In how many lines of the records does "lambda" appear? Answer with one number.

Recorded data -
==================================================

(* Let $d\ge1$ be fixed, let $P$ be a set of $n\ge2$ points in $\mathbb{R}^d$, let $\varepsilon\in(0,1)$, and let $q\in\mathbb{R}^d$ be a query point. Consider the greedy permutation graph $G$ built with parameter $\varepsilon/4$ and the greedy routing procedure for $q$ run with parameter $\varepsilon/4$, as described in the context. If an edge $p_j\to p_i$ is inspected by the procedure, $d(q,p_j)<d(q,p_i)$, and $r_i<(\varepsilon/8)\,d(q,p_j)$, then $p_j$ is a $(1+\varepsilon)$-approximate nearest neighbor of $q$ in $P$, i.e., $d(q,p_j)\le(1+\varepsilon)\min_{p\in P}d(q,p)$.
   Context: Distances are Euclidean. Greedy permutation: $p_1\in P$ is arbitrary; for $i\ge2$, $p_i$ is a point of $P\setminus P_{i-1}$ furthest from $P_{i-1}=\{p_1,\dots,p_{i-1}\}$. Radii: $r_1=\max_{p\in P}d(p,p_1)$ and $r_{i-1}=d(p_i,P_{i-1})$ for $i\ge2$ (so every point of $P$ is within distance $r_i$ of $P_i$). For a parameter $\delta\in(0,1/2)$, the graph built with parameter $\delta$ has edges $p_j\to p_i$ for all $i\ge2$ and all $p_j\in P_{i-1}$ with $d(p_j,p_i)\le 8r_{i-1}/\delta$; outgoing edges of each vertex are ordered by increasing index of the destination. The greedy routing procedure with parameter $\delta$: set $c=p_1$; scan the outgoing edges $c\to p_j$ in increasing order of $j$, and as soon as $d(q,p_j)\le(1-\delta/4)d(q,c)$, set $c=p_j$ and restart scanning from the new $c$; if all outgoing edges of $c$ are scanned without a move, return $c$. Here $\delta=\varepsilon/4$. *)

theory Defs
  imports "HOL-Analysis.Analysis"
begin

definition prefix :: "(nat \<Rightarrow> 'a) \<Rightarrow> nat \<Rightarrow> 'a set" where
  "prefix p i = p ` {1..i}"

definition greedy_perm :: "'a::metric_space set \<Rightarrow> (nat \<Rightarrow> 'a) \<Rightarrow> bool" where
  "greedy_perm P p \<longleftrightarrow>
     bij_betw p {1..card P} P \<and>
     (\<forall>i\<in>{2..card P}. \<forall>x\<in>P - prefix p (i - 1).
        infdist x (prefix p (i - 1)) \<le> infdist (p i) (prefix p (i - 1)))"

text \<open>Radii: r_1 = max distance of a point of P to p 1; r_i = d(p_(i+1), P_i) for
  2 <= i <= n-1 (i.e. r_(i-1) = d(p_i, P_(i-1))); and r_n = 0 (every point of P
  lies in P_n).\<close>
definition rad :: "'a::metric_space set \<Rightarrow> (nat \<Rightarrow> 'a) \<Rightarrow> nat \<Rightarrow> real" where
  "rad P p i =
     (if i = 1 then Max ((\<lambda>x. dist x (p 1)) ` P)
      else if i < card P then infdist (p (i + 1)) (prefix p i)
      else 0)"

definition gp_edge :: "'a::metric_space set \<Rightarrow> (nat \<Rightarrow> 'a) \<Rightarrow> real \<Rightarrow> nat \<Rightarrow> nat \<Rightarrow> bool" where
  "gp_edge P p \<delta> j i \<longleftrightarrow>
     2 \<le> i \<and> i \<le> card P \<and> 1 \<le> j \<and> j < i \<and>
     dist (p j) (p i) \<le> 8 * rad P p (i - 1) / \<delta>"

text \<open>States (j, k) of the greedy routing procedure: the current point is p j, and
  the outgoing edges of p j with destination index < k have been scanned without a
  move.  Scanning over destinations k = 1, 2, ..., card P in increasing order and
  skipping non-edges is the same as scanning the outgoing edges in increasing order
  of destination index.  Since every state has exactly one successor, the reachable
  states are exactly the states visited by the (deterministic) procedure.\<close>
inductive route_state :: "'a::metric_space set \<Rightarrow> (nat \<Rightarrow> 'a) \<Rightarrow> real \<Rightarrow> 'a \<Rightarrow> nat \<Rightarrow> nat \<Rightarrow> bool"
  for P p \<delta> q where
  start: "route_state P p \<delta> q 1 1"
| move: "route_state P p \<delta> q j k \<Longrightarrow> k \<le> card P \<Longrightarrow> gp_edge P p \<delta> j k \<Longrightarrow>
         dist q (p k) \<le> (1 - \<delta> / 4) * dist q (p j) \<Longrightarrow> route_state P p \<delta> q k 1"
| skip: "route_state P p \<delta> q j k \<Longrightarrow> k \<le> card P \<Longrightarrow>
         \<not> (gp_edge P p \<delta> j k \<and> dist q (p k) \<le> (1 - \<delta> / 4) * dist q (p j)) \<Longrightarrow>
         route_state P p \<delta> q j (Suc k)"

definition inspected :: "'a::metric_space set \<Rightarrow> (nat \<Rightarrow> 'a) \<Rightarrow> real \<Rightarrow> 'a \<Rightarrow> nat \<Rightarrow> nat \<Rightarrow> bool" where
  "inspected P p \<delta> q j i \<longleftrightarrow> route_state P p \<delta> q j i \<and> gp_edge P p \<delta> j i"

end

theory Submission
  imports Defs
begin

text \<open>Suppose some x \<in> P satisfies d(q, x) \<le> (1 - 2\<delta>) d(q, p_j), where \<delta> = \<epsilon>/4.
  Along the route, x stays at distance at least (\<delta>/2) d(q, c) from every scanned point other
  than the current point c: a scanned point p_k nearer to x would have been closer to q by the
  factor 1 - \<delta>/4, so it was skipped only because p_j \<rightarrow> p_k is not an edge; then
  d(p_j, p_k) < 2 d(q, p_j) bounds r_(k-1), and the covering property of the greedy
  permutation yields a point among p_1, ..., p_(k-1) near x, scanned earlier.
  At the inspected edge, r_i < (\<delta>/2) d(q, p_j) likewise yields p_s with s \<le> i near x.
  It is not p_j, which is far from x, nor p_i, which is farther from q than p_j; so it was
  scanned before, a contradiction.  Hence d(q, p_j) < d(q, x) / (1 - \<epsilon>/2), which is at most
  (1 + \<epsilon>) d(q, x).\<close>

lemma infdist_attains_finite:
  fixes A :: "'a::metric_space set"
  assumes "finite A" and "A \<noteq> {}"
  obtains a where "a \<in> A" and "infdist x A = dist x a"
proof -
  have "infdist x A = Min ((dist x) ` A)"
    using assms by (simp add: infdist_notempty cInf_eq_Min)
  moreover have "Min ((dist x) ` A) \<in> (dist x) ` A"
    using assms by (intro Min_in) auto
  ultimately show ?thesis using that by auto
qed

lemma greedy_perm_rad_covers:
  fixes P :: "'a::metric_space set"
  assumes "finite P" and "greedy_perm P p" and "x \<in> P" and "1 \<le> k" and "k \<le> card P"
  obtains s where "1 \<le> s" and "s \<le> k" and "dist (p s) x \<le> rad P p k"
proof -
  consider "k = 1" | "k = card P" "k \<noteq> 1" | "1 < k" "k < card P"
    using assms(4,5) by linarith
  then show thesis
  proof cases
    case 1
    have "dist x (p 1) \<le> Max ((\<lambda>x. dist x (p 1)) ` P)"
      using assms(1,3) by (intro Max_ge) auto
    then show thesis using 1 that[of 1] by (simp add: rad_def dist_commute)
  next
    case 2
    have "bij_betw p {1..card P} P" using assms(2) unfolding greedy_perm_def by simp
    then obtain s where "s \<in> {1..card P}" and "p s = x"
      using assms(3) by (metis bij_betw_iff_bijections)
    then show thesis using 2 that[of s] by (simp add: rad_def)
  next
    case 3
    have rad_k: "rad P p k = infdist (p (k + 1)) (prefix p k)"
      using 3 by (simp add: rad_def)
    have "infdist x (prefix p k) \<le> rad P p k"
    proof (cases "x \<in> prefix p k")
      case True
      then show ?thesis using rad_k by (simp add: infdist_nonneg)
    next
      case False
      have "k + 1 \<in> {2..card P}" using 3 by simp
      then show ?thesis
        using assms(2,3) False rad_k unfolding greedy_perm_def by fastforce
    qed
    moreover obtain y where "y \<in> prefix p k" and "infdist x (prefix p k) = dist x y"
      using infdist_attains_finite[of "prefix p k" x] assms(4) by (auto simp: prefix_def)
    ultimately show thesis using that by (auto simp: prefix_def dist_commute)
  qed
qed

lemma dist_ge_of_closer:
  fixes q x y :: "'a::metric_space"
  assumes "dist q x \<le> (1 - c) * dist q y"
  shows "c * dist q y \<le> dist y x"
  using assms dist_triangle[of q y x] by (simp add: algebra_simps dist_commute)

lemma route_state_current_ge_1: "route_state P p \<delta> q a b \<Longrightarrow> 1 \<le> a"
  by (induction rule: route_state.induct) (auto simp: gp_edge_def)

==================================================

Completed exercise - 2